Available records:
(* Every tree admits a canonical dominating set.
   Context: A set $D\subseteq V(G)$ is a dominating set if every vertex of $G$ is in $D$ or adjacent to a vertex of $D$. Two dominating sets $D,D'$ are adjacent if $|D\triangle D'|=1$. For dominating sets $D_p,D_q$ and an integer $k>0$, write $D_p\leftrightarrow_k D_q$ if there is a sequence $D_0=D_p,\dots,D_\ell=D_q$ ($\ell\ge0$) of dominating sets of $G$ with consecutive sets adjacent and $|D_i|\le k$ for all $i$. A minimum dominating set $D^*$ of $G$ is canonical if $D\leftrightarrow_{|D|+1} D^*$ for every dominating set $D$ of $G$. *)

theory Defs
  imports Main
begin

definition simple_graph :: "'a set \<Rightarrow> ('a \<Rightarrow> 'a \<Rightarrow> bool) \<Rightarrow> bool" where
  "simple_graph V E \<longleftrightarrow> finite V \<and> (\<forall>u v. E u v \<longrightarrow> u \<in> V \<and> v \<in> V)
     \<and> (\<forall>u v. E u v \<longrightarrow> E v u) \<and> (\<forall>v. \<not> E v v)"

definition is_walk :: "'a set \<Rightarrow> ('a \<Rightarrow> 'a \<Rightarrow> bool) \<Rightarrow> 'a list \<Rightarrow> bool" where
  "is_walk V E p \<longleftrightarrow> p \<noteq> [] \<and> set p \<subseteq> V \<and> (\<forall>i. Suc i < length p \<longrightarrow> E (p ! i) (p ! Suc i))"

definition connected_graph :: "'a set \<Rightarrow> ('a \<Rightarrow> 'a \<Rightarrow> bool) \<Rightarrow> bool" where
  "connected_graph V E \<longleftrightarrow> (\<forall>u\<in>V. \<forall>v\<in>V. \<exists>p. is_walk V E p \<and> hd p = u \<and> last p = v)"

What the exercise asks: Nothing in the records may change; output all of them exactly.

Output of the exercise:
(* Every tree admits a canonical dominating set.
   Context: A set $D\subseteq V(G)$ is a dominating set if every vertex of $G$ is in $D$ or adjacent to a vertex of $D$. Two dominating sets $D,D'$ are adjacent if $|D\triangle D'|=1$. For dominating sets $D_p,D_q$ and an integer $k>0$, write $D_p\leftrightarrow_k D_q$ if there is a sequence $D_0=D_p,\dots,D_\ell=D_q$ ($\ell\ge0$) of dominating sets of $G$ with consecutive sets adjacent and $|D_i|\le k$ for all $i$. A minimum dominating set $D^*$ of $G$ is canonical if $D\leftrightarrow_{|D|+1} D^*$ for every dominating set $D$ of $G$. *)

theory Defs
  imports Main
begin

definition simple_graph :: "'a set \<Rightarrow> ('a \<Rightarrow> 'a \<Rightarrow> bool) \<Rightarrow> bool" where
  "simple_graph V E \<longleftrightarrow> finite V \<and> (\<forall>u v. E u v \<longrightarrow> u \<in> V \<and> v \<in> V)
     \<and> (\<forall>u v. E u v \<longrightarrow> E v u) \<and> (\<forall>v. \<not> E v v)"

definition is_walk :: "'a set \<Rightarrow> ('a \<Rightarrow> 'a \<Rightarrow> bool) \<Rightarrow> 'a list \<Rightarrow> bool" where
  "is_walk V E p \<longleftrightarrow> p \<noteq> [] \<and> set p \<subseteq> V \<and> (\<forall>i. Suc i < length p \<longrightarrow> E (p ! i) (p ! Suc i))"

definition connected_graph :: "'a set \<Rightarrow> ('a \<Rightarrow> 'a \<Rightarrow> bool) \<Rightarrow> bool" where
  "connected_graph V E \<longleftrightarrow> (\<forall>u\<in>V. \<forall>v\<in>V. \<exists>p. is_walk V E p \<and> hd p = u \<and> last p = v)"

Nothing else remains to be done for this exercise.